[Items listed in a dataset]
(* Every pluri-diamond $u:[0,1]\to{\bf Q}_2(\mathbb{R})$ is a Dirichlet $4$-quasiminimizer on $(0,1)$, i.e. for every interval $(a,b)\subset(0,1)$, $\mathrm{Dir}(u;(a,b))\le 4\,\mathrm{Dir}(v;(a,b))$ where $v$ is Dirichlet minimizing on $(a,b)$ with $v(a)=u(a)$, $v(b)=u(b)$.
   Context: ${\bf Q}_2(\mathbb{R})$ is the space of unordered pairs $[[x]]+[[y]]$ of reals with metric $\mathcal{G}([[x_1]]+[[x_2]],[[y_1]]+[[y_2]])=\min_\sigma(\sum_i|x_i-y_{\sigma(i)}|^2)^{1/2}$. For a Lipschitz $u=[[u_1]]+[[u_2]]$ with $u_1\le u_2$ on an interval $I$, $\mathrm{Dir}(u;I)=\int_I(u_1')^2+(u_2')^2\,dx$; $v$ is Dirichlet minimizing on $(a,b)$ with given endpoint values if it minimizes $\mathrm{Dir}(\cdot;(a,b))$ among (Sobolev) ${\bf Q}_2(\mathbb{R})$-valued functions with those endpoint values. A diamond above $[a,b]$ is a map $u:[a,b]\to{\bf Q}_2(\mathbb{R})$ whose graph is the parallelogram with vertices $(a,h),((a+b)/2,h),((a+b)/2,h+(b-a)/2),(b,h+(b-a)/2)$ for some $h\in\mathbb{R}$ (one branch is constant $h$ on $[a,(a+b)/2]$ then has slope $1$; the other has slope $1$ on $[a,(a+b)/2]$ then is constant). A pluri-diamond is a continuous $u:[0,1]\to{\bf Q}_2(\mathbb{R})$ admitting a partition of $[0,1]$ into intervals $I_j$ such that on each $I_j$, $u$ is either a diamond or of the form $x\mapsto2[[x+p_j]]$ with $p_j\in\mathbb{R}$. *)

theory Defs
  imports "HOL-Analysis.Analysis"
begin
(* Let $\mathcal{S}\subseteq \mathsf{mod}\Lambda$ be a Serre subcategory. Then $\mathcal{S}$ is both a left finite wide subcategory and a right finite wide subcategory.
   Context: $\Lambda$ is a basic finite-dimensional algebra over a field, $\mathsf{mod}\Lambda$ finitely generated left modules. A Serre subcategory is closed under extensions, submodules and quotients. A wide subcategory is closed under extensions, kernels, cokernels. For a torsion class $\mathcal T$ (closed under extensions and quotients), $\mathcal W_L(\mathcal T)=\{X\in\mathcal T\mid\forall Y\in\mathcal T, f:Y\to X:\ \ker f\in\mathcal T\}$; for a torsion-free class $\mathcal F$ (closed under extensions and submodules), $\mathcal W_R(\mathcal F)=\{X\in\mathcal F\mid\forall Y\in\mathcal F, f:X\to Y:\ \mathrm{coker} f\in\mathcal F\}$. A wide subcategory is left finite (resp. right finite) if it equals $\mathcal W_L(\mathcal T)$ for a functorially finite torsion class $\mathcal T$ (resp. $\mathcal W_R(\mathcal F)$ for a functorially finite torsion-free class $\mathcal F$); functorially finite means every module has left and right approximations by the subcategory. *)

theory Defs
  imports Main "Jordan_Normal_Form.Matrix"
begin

---

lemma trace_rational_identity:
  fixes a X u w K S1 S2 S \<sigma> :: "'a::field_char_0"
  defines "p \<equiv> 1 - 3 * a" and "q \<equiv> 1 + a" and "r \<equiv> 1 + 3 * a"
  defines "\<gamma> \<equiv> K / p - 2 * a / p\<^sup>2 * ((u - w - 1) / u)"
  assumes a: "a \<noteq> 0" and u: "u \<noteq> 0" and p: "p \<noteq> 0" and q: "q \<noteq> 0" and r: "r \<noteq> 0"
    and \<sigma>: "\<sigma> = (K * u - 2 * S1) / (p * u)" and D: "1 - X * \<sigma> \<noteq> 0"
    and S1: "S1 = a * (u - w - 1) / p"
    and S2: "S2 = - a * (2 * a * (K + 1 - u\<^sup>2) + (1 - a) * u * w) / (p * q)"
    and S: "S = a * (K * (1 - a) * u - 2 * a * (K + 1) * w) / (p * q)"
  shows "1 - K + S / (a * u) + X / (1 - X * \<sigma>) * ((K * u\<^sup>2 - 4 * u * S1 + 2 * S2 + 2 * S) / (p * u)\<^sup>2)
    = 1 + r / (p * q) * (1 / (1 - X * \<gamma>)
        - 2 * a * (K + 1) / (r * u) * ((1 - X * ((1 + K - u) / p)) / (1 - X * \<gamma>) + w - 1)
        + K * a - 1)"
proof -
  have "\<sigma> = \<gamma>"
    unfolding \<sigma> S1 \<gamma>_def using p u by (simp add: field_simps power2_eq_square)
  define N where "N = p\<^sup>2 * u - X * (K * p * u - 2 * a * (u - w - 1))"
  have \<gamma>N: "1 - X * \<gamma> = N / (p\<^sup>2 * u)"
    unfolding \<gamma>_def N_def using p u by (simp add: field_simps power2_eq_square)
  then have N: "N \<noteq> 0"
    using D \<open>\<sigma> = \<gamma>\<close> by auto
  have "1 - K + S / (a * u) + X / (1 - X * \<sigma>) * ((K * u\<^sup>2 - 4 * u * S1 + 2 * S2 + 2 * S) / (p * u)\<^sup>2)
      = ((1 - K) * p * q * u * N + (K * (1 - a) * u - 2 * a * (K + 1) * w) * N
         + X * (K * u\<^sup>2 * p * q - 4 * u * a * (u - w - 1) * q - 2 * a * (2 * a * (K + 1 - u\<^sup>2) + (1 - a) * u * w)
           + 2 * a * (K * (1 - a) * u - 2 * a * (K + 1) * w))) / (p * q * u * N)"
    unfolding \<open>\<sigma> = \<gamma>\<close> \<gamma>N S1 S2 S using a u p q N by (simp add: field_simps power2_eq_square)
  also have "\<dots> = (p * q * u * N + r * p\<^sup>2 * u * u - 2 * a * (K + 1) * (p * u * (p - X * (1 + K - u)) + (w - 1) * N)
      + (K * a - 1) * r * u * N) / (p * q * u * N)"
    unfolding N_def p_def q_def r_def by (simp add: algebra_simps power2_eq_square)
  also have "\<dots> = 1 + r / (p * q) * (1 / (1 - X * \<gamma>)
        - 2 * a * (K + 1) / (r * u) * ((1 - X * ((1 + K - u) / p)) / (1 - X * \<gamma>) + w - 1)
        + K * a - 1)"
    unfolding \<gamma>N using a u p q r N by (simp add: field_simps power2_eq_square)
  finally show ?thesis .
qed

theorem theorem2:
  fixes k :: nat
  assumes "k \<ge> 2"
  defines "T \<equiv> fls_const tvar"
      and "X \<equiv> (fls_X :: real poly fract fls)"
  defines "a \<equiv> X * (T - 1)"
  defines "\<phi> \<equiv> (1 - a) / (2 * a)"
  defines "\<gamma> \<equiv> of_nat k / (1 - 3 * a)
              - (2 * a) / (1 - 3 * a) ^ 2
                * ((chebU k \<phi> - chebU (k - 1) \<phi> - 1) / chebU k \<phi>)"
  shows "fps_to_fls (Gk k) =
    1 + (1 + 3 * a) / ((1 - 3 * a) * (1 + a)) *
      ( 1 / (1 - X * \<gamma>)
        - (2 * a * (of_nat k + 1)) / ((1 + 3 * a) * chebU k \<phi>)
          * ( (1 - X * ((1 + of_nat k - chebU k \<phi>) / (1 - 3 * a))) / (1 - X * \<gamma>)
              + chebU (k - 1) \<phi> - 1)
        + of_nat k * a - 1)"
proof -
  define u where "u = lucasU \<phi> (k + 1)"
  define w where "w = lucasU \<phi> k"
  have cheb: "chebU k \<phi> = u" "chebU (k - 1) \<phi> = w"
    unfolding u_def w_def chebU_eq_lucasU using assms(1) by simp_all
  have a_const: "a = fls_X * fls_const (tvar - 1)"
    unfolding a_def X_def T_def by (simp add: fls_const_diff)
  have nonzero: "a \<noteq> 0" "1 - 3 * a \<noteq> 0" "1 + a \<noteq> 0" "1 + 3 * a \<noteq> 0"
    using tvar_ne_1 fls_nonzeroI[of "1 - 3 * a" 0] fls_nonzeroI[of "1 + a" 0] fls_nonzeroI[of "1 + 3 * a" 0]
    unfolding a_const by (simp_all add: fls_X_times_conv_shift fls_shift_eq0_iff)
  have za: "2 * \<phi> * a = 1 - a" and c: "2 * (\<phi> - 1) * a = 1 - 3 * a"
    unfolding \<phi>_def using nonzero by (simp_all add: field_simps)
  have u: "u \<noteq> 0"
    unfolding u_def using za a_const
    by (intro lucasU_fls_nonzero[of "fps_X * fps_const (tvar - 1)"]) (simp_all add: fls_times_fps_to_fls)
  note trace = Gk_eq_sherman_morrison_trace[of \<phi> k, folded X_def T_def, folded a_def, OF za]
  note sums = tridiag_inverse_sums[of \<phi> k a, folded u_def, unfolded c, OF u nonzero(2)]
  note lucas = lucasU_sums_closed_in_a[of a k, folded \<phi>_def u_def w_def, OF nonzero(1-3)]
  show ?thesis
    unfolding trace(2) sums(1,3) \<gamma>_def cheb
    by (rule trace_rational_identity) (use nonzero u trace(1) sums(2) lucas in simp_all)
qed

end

---

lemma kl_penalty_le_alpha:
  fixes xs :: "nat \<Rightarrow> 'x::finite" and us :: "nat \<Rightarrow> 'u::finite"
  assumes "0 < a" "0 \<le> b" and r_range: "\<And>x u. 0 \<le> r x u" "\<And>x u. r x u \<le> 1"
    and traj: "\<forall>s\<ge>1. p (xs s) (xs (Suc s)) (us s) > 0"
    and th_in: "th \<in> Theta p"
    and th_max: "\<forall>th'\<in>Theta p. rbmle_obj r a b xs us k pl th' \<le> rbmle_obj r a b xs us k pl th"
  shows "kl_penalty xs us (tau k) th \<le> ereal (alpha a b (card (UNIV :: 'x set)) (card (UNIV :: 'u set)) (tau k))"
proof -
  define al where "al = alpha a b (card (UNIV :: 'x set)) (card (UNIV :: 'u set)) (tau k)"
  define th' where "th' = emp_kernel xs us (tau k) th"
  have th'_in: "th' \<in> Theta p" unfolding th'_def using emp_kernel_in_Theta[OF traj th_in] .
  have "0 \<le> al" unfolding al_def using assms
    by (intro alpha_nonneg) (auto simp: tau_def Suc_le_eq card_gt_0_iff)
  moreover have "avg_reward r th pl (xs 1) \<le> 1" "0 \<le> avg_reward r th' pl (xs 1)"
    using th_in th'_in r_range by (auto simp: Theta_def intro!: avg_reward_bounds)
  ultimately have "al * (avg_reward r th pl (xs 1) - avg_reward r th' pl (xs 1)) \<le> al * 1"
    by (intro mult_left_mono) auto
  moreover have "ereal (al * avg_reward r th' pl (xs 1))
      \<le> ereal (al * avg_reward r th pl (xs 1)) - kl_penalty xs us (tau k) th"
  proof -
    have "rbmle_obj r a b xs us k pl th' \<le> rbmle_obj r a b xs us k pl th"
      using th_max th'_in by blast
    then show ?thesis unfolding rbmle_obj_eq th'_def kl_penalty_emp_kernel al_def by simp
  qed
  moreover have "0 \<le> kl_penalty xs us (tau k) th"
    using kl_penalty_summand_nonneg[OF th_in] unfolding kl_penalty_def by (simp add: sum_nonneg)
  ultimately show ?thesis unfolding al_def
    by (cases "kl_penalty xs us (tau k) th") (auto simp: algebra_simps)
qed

### Activity
Show every line in the entries where the string "assms" occurs.

### Your response
    unfolding u_def w_def chebU_eq_lucasU using assms(1) by simp_all
  have "0 \<le> al" unfolding al_def using assms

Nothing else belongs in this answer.